The records
lemma bipartite_graph_sym: "bipartite_graph X Y E \<Longrightarrow> E u v \<Longrightarrow> E v u"
  unfolding bipartite_graph_def by blast

lemma nbhd_subset_other_part: "bipartite_graph X Y E \<Longrightarrow> A \<subseteq> X \<Longrightarrow> nbhd E A \<subseteq> Y"
  unfolding bipartite_graph_def nbhd_def by blast

lemma deg_in_other_part:
  assumes "bipartite_graph X Y E" "regular X Y E d" "x \<in> X"
  shows "deg_in E Y x = d"
proof -
  have "{u\<in>Y. E x u} = nbhd E {x}"
    using assms(1,3) unfolding bipartite_graph_def nbhd_def by blast
  then show ?thesis
    using assms(2,3) unfolding regular_def deg_in_def by auto
qed

lemma deg_in_split:
  assumes "bipartite_graph X Y E" "regular X Y E d" "x \<in> X" "T \<subseteq> Y"
  shows "deg_in E T x + deg_in E (Y - T) x = d"
proof -
  have "finite T" "finite (Y - T)"
    using bipartite_graph_finite[OF assms(1)] assms(4) finite_subset by auto
  moreover have "Y = T \<union> (Y - T)" using assms(4) by blast
  ultimately show ?thesis
    using deg_in_other_part[OF assms(1-3)] deg_in_Un_disjoint[of T "Y - T" E x] by auto
qed

text \<open>Counting the edges at \<open>N(A)\<close> once from each side gives \<open>e(N(A), X - [A]) = d t\<close>.\<close>

lemma sum_deg_in_outside_closure:
  assumes graph: "bipartite_graph X Y E" and reg: "regular X Y E d" and AX: "A \<subseteq> X"
  shows "(\<Sum>y\<in>nbhd E A. deg_in E (X - closure_set X E A) y) + d * card (closure_set X E A)
           = d * card (nbhd E A)"
proof -
  define N where "N = nbhd E A"
  define C where "C = closure_set X E A"
  have NY: "N \<subseteq> Y" unfolding N_def using nbhd_subset_other_part[OF graph AX] .
  have CX: "C \<subseteq> X" unfolding C_def closure_set_def by auto
  have fN: "finite N" and fC: "finite C"
    using NY CX bipartite_graph_finite[OF graph] finite_subset by auto
  have "deg_in E N x = d" if "x \<in> C" for x
  proof -
    have "{u\<in>N. E x u} = {u\<in>Y. E x u}"
      using that NY CX nbhd_subset_other_part[OF graph, of "{x}"]
      unfolding C_def closure_set_def N_def nbhd_def by blast
    then show ?thesis
      using deg_in_other_part[OF graph reg] that CX unfolding deg_in_def by auto
  qed
  then have "(\<Sum>y\<in>N. deg_in E C y) = d * card C"
    using sum_deg_in_swap[OF fC fN bipartite_graph_sym[OF graph]] by simp
  moreover have "deg_in E C y + deg_in E (X - C) y = d" if "y \<in> N" for y
    using deg_in_split[OF bipartite_graph_swap[OF graph] regular_swap[OF reg]] that NY CX by blast
  then have "(\<Sum>y\<in>N. deg_in E C y) + (\<Sum>y\<in>N. deg_in E (X - C) y) = d * card N"
    by (simp flip: sum.distrib)
  ultimately show ?thesis unfolding N_def C_def by linarith
qed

Task
Return the records exactly, every line included.

Result for this exercise
lemma bipartite_graph_sym: "bipartite_graph X Y E \<Longrightarrow> E u v \<Longrightarrow> E v u"
  unfolding bipartite_graph_def by blast

lemma nbhd_subset_other_part: "bipartite_graph X Y E \<Longrightarrow> A \<subseteq> X \<Longrightarrow> nbhd E A \<subseteq> Y"
  unfolding bipartite_graph_def nbhd_def by blast

lemma deg_in_other_part:
  assumes "bipartite_graph X Y E" "regular X Y E d" "x \<in> X"
  shows "deg_in E Y x = d"
proof -
  have "{u\<in>Y. E x u} = nbhd E {x}"
    using assms(1,3) unfolding bipartite_graph_def nbhd_def by blast
  then show ?thesis
    using assms(2,3) unfolding regular_def deg_in_def by auto
qed

lemma deg_in_split:
  assumes "bipartite_graph X Y E" "regular X Y E d" "x \<in> X" "T \<subseteq> Y"
  shows "deg_in E T x + deg_in E (Y - T) x = d"
proof -
  have "finite T" "finite (Y - T)"
    using bipartite_graph_finite[OF assms(1)] assms(4) finite_subset by auto
  moreover have "Y = T \<union> (Y - T)" using assms(4) by blast
  ultimately show ?thesis
    using deg_in_other_part[OF assms(1-3)] deg_in_Un_disjoint[of T "Y - T" E x] by auto
qed

text \<open>Counting the edges at \<open>N(A)\<close> once from each side gives \<open>e(N(A), X - [A]) = d t\<close>.\<close>

lemma sum_deg_in_outside_closure:
  assumes graph: "bipartite_graph X Y E" and reg: "regular X Y E d" and AX: "A \<subseteq> X"
  shows "(\<Sum>y\<in>nbhd E A. deg_in E (X - closure_set X E A) y) + d * card (closure_set X E A)
           = d * card (nbhd E A)"
proof -
  define N where "N = nbhd E A"
  define C where "C = closure_set X E A"
  have NY: "N \<subseteq> Y" unfolding N_def using nbhd_subset_other_part[OF graph AX] .
  have CX: "C \<subseteq> X" unfolding C_def closure_set_def by auto
  have fN: "finite N" and fC: "finite C"
    using NY CX bipartite_graph_finite[OF graph] finite_subset by auto
  have "deg_in E N x = d" if "x \<in> C" for x
  proof -
    have "{u\<in>N. E x u} = {u\<in>Y. E x u}"
      using that NY CX nbhd_subset_other_part[OF graph, of "{x}"]
      unfolding C_def closure_set_def N_def nbhd_def by blast
    then show ?thesis
      using deg_in_other_part[OF graph reg] that CX unfolding deg_in_def by auto
  qed
  then have "(\<Sum>y\<in>N. deg_in E C y) = d * card C"
    using sum_deg_in_swap[OF fC fN bipartite_graph_sym[OF graph]] by simp
  moreover have "deg_in E C y + deg_in E (X - C) y = d" if "y \<in> N" for y
    using deg_in_split[OF bipartite_graph_swap[OF graph] regular_swap[OF reg]] that NY CX by blast
  then have "(\<Sum>y\<in>N. deg_in E C y) + (\<Sum>y\<in>N. deg_in E (X - C) y) = d * card N"
    by (simp flip: sum.distrib)
  ultimately show ?thesis unfolding N_def C_def by linarith
qed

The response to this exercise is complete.